PRINCIPLE OF THE TEST.


A radical prostatectomy is performed for known or suspected cancer, or other clinical indication, and received in surgical pathology for evaluation. The specimen should be oriented, evaluated grossly, surgical margins inked, and any gross abnormalities described thoroughly. The final report should reflect an adequate sampling of tissue, and should include the size and TNM stage of any tumor.



SPECIMEN REQUIRED.


Tissue Specimen and filled-out Tissue Examination Form (USSF515).



REAGENTS, INSTRUMENTATION.


1. Dissection Instruments.



STEP-BY-STEP DESCRIPTION.


1. A radical prostatectomy is performed for known or suspected cancer, or other clinical indication, and received in surgical pathology for evaluation. The specimen should be oriented, evaluated grossly, surgical margins inked, and any gross abnormalities described thoroughly. The final report should reflect an adequate sampling of tissue, and should include the size and TNM stage of any tumor.

2. Fix the prostate overnight for better, thinner sectioning.

3. Orient the prostate by locating the seminal vesicles and vasa deferentia. These structures sit along the posterior aspect of the base of the prostate (proximal prostate).

4. The base (proximal end) of the prostate is broad and flat. The anterior aspect is adjacent to the urinary bladder. The posterior aspect is adjacent to the rectum. The apex (distal end) of the prostate is narrow and cone-shaped. The urethra may be probed from anterior to posterior.

5. Weigh and measure the prostate.

6. Palpate the prostate for areas of induration.

7. Paint the surface of the prostate with ink.

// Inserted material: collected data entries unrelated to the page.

text \<open>If X dominates, every u_d is joined by a connector edge to a vertex of the induced cover
  other than a vertex v_d; this is the edge that relieves u_d.\<close>

lemma dominated_D_relieved:
  assumes "dominating_set V E X" "u \<in> V"
  obtains y where "{y, D u} \<in> E'" "y \<in> induced_cover X" "\<not> is_D y"
proof -
  have "X \<subseteq> V" "\<exists>v\<in>X. v \<in> N u"
    using assms by (auto simp: dominating_set_iff_closed_nbhd)
  then obtain v where v: "v \<in> X" "v \<in> N u" "v \<in> V" by blast
  then have "u \<in> N v" using closed_nbhd_sym[OF assms(2)] by simp
  then have "{L v (\<sigma> v u), D u} \<in> E'" "L v (\<sigma> v u) \<in> induced_cover X"
    using v \<sigma>_range connector_edge_in by (auto simp: induced_cover_def)
  then show thesis using that by simp
qed

text \<open>Forward direction: under an assignment avoiding the vertices v_d, each u_d loses its
  relieving edge and so respects capacity B + 1; all other capacities are the degrees.\<close>

lemma dominating_set_to_cover:
  assumes dom: "dominating_set V E X"
  shows "capacitated_vertex_cover V' E' (red_cap B E') (induced_cover X)
         \<and> card (induced_cover X) \<le> card V * (B + 2) + card X"
proof -
  let ?C = "induced_cover X"
  obtain a where a: "\<forall>e\<in>E'. a e \<in> e \<and> a e \<in> ?C"
    and avoid_D: "\<forall>e\<in>E'. (\<exists>x\<in>e. x \<in> ?C \<and> \<not> is_D x) \<longrightarrow> \<not> is_D (a e)"
    using preferring_assignment[OF induced_cover_covers, where P = "\<lambda>x. \<not> is_D x"] by blast
  have cap: "card {e \<in> E'. a e = w} \<le> red_cap B E' w" if "w \<in> ?C" for w
  proof (cases w)
    case (D u)
    then have "u \<in> V" using that owner_in_V induced_cover_subset by fastforce
    then obtain y where "{y, D u} \<in> E'" "y \<in> ?C" "\<not> is_D y"
      using dominated_D_relieved[OF dom] by blast
    then have "a {y, D u} \<noteq> D u" using avoid_D by fastforce
    then have "card {e \<in> E'. a e = D u} < gdeg E' (D u)"
      using a finite_red_edges \<open>{y, D u} \<in> E'\<close>
      by (intro card_assigned_less_gdeg[of _ _ "{y, D u}"]) auto
    then show ?thesis using D gdeg_D[OF \<open>u \<in> V\<close>] by (simp add: red_cap_def)
  qed (use card_assigned_le_gdeg[OF finite_red_edges] a in \<open>auto simp: red_cap_def\<close>)
  have "capacitated_vertex_cover V' E' (red_cap B E') ?C"
    unfolding capacitated_vertex_cover_def using induced_cover_subset a cap by blast
  then show ?thesis using card_induced_cover dom by (simp add: dominating_set_def)
qed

8. The distal/apical margin of the prostate may be submitted as a 2 mm thinly shaved, en-face section, perpendicular to the axis of the urethra. This donut-shaped section may have to be halved or quartered to fit into standard tissue blocks.

9. Alternatively, the distal/apical margin of the prostate may be amputated 1 cm from the apex, and sectioned into thin slices (2 mm) perpendicular to the axis of the urethra. We prefer the latter method.

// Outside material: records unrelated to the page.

theorem lemma9:
  fixes n q k :: nat and a b c d :: int and f :: "nat list \<Rightarrow> nat"
  assumes "perfect_coloring n q 2 f
             (\<lambda>i j. if i = 1 then (if j = 1 then a else b) else (if j = 1 then c else d))"
    and "partitionable_into_faces n q k {x \<in> hverts n q. f x = 1}"
    and "\<exists>C. perfect_code (q + 1) q C"
  shows "\<exists>g' g''.
     perfect_coloring (q * n) q (q + 1) g'
       (\<lambda>i j. if i \<le> q \<and> j \<le> q then (if i = j then a - int k * (int q - 1) else a + int k)
              else if i \<le> q then int q * b
              else if j \<le> q then c
              else int q * d) \<and>
     perfect_coloring (q * n) q (q + 1) g''
       (\<lambda>i j. if i \<le> q \<and> j \<le> q then (if i = j then a + int k * (int q - 1)^2 else a - int k * (int q - 1))
              else if i \<le> q then int q * b
              else if j \<le> q then c
              else int q * d)"
proof -
  have q: "2 \<le> q" using assms(1) by (rule two_le_q_if_perfect_coloring) simp
  obtain C where "perfect_code (q + 1) q C" using assms(3) by blast
  then interpret code_labelling q C using q by unfold_locales
  obtain P free where "\<And>F G. F \<in> P \<Longrightarrow> G \<in> P \<Longrightarrow> F \<noteq> G \<Longrightarrow> F \<inter> G = {}"
    "\<Union>P = {x \<in> hverts n q. f x = 1}" "\<And>F. F \<in> P \<Longrightarrow> free F \<subseteq> {..<n}"
    "\<And>F. F \<in> P \<Longrightarrow> card (free F) = k"
    "\<And>F. F \<in> P \<Longrightarrow> \<exists>v\<in>hverts n q. F = {y \<in> hverts n q. \<forall>i<n. i \<notin> free F \<longrightarrow> y!i = v!i}"
    using assms(2) by (rule partitionable_into_facesE) blast
  then interpret lifted_colouring q label shift n k f P free a b c d
    using assms(1) by unfold_locales
  show ?thesis using perfect_coloring_lift_colour_1 perfect_coloring_lift_colour_0 by blast
qed

end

10. Apical sections are taken to assess the neck of the bladder, so that inking the outside of the prostate is important. Proximal (basal) margins are also taken.

11. Seminal vesicles are evaluated by passing a section through the base of the seminal vesicle where it joins the prostate.

12. Serially section the prostate perpendicular to the posterior surface of the prostate, carefully preserving the periprostatic capsule, which must be oriented to assess possible periprostatic extension of tumor. It is easiest if the posterior aspect sits flat upon the dissection table.

13. Lay out the sections from apex to base. With the posterior surface down, the urethral section is ∩-shaped. Describe the size and appearance of any lesions. Grossly, cancer is hard and homogenous, whereas non-neoplastic prostate tissue is spongy and cystic. Most cancers arise in the posterior and posterolateral parts of the gland.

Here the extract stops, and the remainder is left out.